*** Opening Exercise material ***

(* Let $\mathcal{T}$ be a single-elimination tournament, $u\in V(\mathcal{T})$, $\mathcal{B}_u$ a non-empty set of brackets of $\mathcal{T}_u$, and $\mathcal{A}$ a partition of $P(\mathcal{T})\setminus P(u)$ such that for every $a\in P(\mathcal{T})\setminus P(u)$, the part $A\in\mathcal{A}$ with $a\in A$ contains some $b\in A\setminus\{a\}$ with $b\in P(x)$ for every match $x$ with $a\in P(x)$. Then there exists a set of brackets $\mathcal{B}$ of $\mathcal{T}$ with \[|\mathcal{B}|=|P(\mathcal{T})\setminus P(u)|+\max\{0,|\mathcal{B}_u|-|\mathcal{A}|\}\] such that, for every scoring system $\sigma$ of $\mathcal{T}$, $\mathcal{B}$ is $\sigma$-resolving whenever $\mathcal{B}_u$ is $\sigma_u$-resolving.
   Context: A single-elimination tournament is a finite directed graph $\mathcal{T}$ such that: (a) $\mathcal{T}$ has exactly one sink (vertex with no out-neighbours); (b) every non-sink vertex has exactly one out-neighbour; (c) $\mathcal{T}$ has no directed cycles; (d) $|N^-(v)|\ne 1$ for every vertex $v$, where $N^-(v)$ denotes the set of in-neighbours of $v$. The players $P(\mathcal{T})$ are the sources and the matches are $M(\mathcal{T})=V(\mathcal{T})\setminus P(\mathcal{T})$. For a vertex $u$, $P(u)$ is the set of players $a$ for which there is a directed walk from $a$ to $u$ (length $0$ allowed). For $u\in V(\mathcal{T})$, $\mathcal{T}_u$ is the digraph obtained from $\mathcal{T}$ by deleting every vertex $v$ with $P(v)\not\subseteq P(u)$ (it is a single-elimination tournament), and $\sigma_u$ is the restriction of $\sigma$ to $M(\mathcal{T})\cap V(\mathcal{T}_u)=M(\mathcal{T}_u)$. A bracket is a function $B:V(\mathcal{T})\to P(\mathcal{T})$ with $B(a)=a$ for every player $a$ and $B(x)\in\{B(u):u\in N^-(x)\}$ for every match $x$. A scoring system is any function $\sigma:M(\mathcal{T})\to\mathbb{R}_{>0}$. For brackets $B,B'$ let $\mathrm{score}_\sigma(B,B')=\sum_{x\in M(\mathcal{T}):\,B(x)=B'(x)}\sigma(x)$. A set of brackets $\mathcal{B}$ is $\sigma$-resolving if for every pair of distinct brackets $B\ne B'$ there is $B_i\in\mathcal{B}$ with $\mathrm{score}_\sigma(B_i,B)\ne\mathrm{score}_\sigma(B_i,B')$ (and analogously for $\mathcal{T}_u,\sigma_u$). *)

theory Defs
  imports Complex_Main
begin

definition out_nbrs :: "('v \<times> 'v) set \<Rightarrow> 'v \<Rightarrow> 'v set" where
  "out_nbrs E v = {w. (v, w) \<in> E}"

definition in_nbrs :: "('v \<times> 'v) set \<Rightarrow> 'v \<Rightarrow> 'v set" where
  "in_nbrs E v = {w. (w, v) \<in> E}"

definition is_SET :: "'v set \<Rightarrow> ('v \<times> 'v) set \<Rightarrow> bool" where
  "is_SET V E \<longleftrightarrow> finite V \<and> E \<subseteq> V \<times> V
     \<and> (\<exists>!s. s \<in> V \<and> out_nbrs E s = {})
     \<and> (\<forall>v\<in>V. out_nbrs E v \<noteq> {} \<longrightarrow> card (out_nbrs E v) = 1)
     \<and> acyclic E
     \<and> (\<forall>v\<in>V. card (in_nbrs E v) \<noteq> 1)"

definition players :: "'v set \<Rightarrow> ('v \<times> 'v) set \<Rightarrow> 'v set" where
  "players V E = {v \<in> V. in_nbrs E v = {}}"

definition matches :: "'v set \<Rightarrow> ('v \<times> 'v) set \<Rightarrow> 'v set" where
  "matches V E = V - players V E"

definition Pset :: "'v set \<Rightarrow> ('v \<times> 'v) set \<Rightarrow> 'v \<Rightarrow> 'v set" where
  "Pset V E u = {a \<in> players V E. (a, u) \<in> E\<^sup>*}"

definition sub_V :: "'v set \<Rightarrow> ('v \<times> 'v) set \<Rightarrow> 'v \<Rightarrow> 'v set" where
  "sub_V V E u = {v \<in> V. Pset V E v \<subseteq> Pset V E u}"

definition sub_E :: "'v set \<Rightarrow> ('v \<times> 'v) set \<Rightarrow> 'v \<Rightarrow> ('v \<times> 'v) set" where
  "sub_E V E u = E \<inter> (sub_V V E u \<times> sub_V V E u)"

definition is_bracket :: "'v set \<Rightarrow> ('v \<times> 'v) set \<Rightarrow> ('v \<Rightarrow> 'v) \<Rightarrow> bool" where
  "is_bracket V E B \<longleftrightarrow>
     (\<forall>a\<in>players V E. B a = a)
     \<and> (\<forall>x\<in>matches V E. B x \<in> B ` in_nbrs E x)
     \<and> (\<forall>v. v \<notin> V \<longrightarrow> B v = undefined)"

definition scoring_system :: "'v set \<Rightarrow> ('v \<times> 'v) set \<Rightarrow> ('v \<Rightarrow> real) \<Rightarrow> bool" where
  "scoring_system V E \<sigma> \<longleftrightarrow> (\<forall>x\<in>matches V E. \<sigma> x > 0)"

definition score :: "'v set \<Rightarrow> ('v \<times> 'v) set \<Rightarrow> ('v \<Rightarrow> real) \<Rightarrow> ('v \<Rightarrow> 'v) \<Rightarrow> ('v \<Rightarrow> 'v) \<Rightarrow> real" where
  "score V E \<sigma> B B' = (\<Sum>x\<in>{x \<in> matches V E. B x = B' x}. \<sigma> x)"

definition resolving :: "'v set \<Rightarrow> ('v \<times> 'v) set \<Rightarrow> ('v \<Rightarrow> real) \<Rightarrow> ('v \<Rightarrow> 'v) set \<Rightarrow> bool" where
  "resolving V E \<sigma> \<B> \<longleftrightarrow>
     (\<forall>B B'. is_bracket V E B \<longrightarrow> is_bracket V E B' \<longrightarrow> B \<noteq> B' \<longrightarrow>
        (\<exists>Bi\<in>\<B>. score V E \<sigma> Bi B \<noteq> score V E \<sigma> Bi B'))"

end

theory Submission
  imports Defs "HOL-Library.FuncSet" "HOL-Library.Product_Lexorder"
begin

text \<open>
  Call the players outside \<open>P(u)\<close> outer.  Each part of \<open>\<A>\<close> is assigned a bracket of
  \<open>\<B>\<^sub>u\<close>, injectively when \<open>|\<A>| \<le> |\<B>\<^sub>u|\<close>; the unassigned ones are spare.  Every outer
  player \<open>a\<close> gets the bracket that agrees with the bracket of its part inside \<open>\<T>\<^sub>u\<close> and lets
  every match outside \<open>\<T>\<^sub>u\<close> be won by the contender of highest priority, the ancestors of
  \<open>a\<close> in a forest on its part coming first; every spare bracket is extended in the same way
  without preferred players.

  In the forest, the parent of a non-root \<open>a\<close> plays all matches of \<open>a\<close>.  So the brackets of
  \<open>a\<close> and of its parent differ exactly on the matches of \<open>a\<close>, won by \<open>a\<close> in one and by the
  parent in the other, and since no bracket lets both of them win a match of \<open>a\<close>, score
  differences determine the matches won by every non-root.  A root has a twin, a child playing
  the same matches, whose bracket lets only non-roots win outside \<open>\<T>\<^sub>u\<close>; hence it determines
  the score inside \<open>\<T>\<^sub>u\<close> against the bracket of the part, and then the bracket of the root
  determines its wins.  Spare brackets also let only non-roots win outside \<open>\<T>\<^sub>u\<close>.  So two
  brackets with equal scores against the family have the same restriction to \<open>\<T>\<^sub>u\<close>, as
  \<open>\<B>\<^sub>u\<close> is resolving, and the same winners outside it.
\<close>

lemma arg_max_on_max:
  fixes f :: "'a \<Rightarrow> 'b::linorder"
  assumes "finite S" "S \<noteq> {}"
  shows "arg_max_on f S \<in> S" "\<And>y. y \<in> S \<Longrightarrow> f y \<le> f (arg_max_on f S)"
proof -
  obtain c where "c \<in> S" "f c = Max (f ` S)"
    using Max_in[of "f ` S"] assms by fastforce
  then have "is_arg_max f (\<lambda>x. x \<in> S) c"
    using assms by (simp add: is_arg_max_linorder)
  then have "is_arg_max f (\<lambda>x. x \<in> S) (arg_max_on f S)"
    unfolding arg_max_on_def arg_max_def by (rule someI)
  then show "arg_max_on f S \<in> S" "\<And>y. y \<in> S \<Longrightarrow> f y \<le> f (arg_max_on f S)"
    by (auto simp: is_arg_max_linorder)
qed

lemma arg_max_on_eqI:
  fixes f :: "'a \<Rightarrow> 'b::linorder"
  assumes "finite S" "c \<in> S" "\<And>y. y \<in> S \<Longrightarrow> f y \<le> f c" "inj_on f S"
  shows "arg_max_on f S = c"
proof -
  have "arg_max_on f S \<in> S" "f c \<le> f (arg_max_on f S)"
    using arg_max_on_max[OF assms(1)] assms(2) by auto
  then show ?thesis
    using assms(2-4) by (metis inj_onD order_antisym)
qed

lemma subset_eq_if_sum_eq:
  fixes \<sigma> :: "'a \<Rightarrow> real"
  assumes "A \<subseteq> B" "finite B" "\<And>x. x \<in> B \<Longrightarrow> \<sigma> x > 0" "sum \<sigma> A = sum \<sigma> B"
  shows "A = B"
proof (rule ccontr)
  assume "A \<noteq> B"
  then have "sum \<sigma> (B - A) > 0"
    using assms by (intro sum_pos) auto
  moreover have "sum \<sigma> B = sum \<sigma> (B - A) + sum \<sigma> A"
    using sum.subset_diff[OF assms(1,2)] .
  ultimately show False
    using assms(4) by simp
qed

lemma nested_eq_if_sum_eq:
  fixes \<sigma> :: "'a \<Rightarrow> real"
  assumes "finite X" "finite Y" "\<And>x. x \<in> X \<union> Y \<Longrightarrow> \<sigma> x > 0"
    and "X \<subseteq> Y \<or> Y \<subseteq> X" and "sum \<sigma> X = sum \<sigma> Y"
  shows "X = Y"
  using assms subset_eq_if_sum_eq[of X Y \<sigma>] subset_eq_if_sum_eq[of Y X \<sigma>] by auto

lemma ex_map_card_Diff_image:
  assumes "finite A" "finite B" "B \<noteq> {}"
  obtains f where "f ` A \<subseteq> B" "card (B - f ` A) = card B - card A"
proof (cases "card A \<le> card B")
  case True
  then obtain f where f: "f ` A \<subseteq> B" "inj_on f A"
    using card_le_inj[OF assms(1,2)] by blast
  then have "card (B - f ` A) = card B - card A"
    using card_Diff_subset[OF finite_imageI[OF assms(1)]] card_image by metis
  then show ?thesis
    using that f by blast
next
  case False
  then obtain g where g: "g ` B \<subseteq> A" "inj_on g B"
    using card_le_inj[OF assms(2,1)] by fastforce
  obtain b0 where "b0 \<in> B"
    using assms(3) by blast
  define f where "f a = (if a \<in> g ` B then inv_into B g a else b0)" for a
  have "f ` A \<subseteq> B"
    using \<open>b0 \<in> B\<close> by (auto simp: f_def inv_into_into)
  moreover have "B \<subseteq> f ` A"
  proof
    fix b assume "b \<in> B"
    then have "f (g b) = b" "g b \<in> A"
      using g by (auto simp: f_def)
    then show "b \<in> f ` A"
      by (metis image_eqI)
  qed
  ultimately have "B - f ` A = {}" "card B - card A = 0"
    using False by auto
  then show ?thesis
    using that[OF \<open>f ` A \<subseteq> B\<close>] by (metis card.empty)
qed

lemma bracket_winner_reaches:
  assumes "wf E" "E \<subseteq> V \<times> V" and B: "is_bracket V E B" and "x \<in> V"
  shows "B x \<in> players V E" "(B x, x) \<in> E\<^sup>*"
proof -
  have "B x \<in> players V E \<and> (B x, x) \<in> E\<^sup>*"
    using \<open>x \<in> V\<close>
  proof (induction x rule: wf_induct[OF \<open>wf E\<close>])
    case (1 x)
    show ?case
    proof (cases "x \<in> players V E")
      case True
      then show ?thesis using B by (simp add: is_bracket_def)
    next
      case False
      then have "x \<in> matches V E" using 1 by (simp add: matches_def)
      then obtain d where d: "(d, x) \<in> E" "B x = B d"
        using B by (auto simp: is_bracket_def in_nbrs_def)
      then have "B d \<in> players V E \<and> (B d, d) \<in> E\<^sup>*"
        using 1 assms(2) by blast
      then show ?thesis
        using d by (metis rtrancl.rtrancl_into_rtrancl)
    qed
  qed
  then show "B x \<in> players V E" "(B x, x) \<in> E\<^sup>*" by auto
qed

section \<open>Single-elimination tournaments\<close>

locale tournament =
  fixes V :: "'v set" and E :: "('v \<times> 'v) set"
  assumes is_SET: "is_SET V E"
begin

abbreviation "Pl \<equiv> players V E"
abbreviation "M \<equiv> matches V E"

lemma finite_V: "finite V"
  using is_SET by (simp add: is_SET_def)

*** Closing Exercise material ***

• _What you should do_:
The entries above hold a line with "(\<forall>v\<in>V. card (in_nbrs" and a later line with "V - players". Write out exactly those lines and all lines between, nothing more.

• _Exercise solution_:
     \<and> (\<forall>v\<in>V. card (in_nbrs E v) \<noteq> 1)"

definition players :: "'v set \<Rightarrow> ('v \<times> 'v) set \<Rightarrow> 'v set" where
  "players V E = {v \<in> V. in_nbrs E v = {}}"

definition matches :: "'v set \<Rightarrow> ('v \<times> 'v) set \<Rightarrow> 'v set" where
  "matches V E = V - players V E"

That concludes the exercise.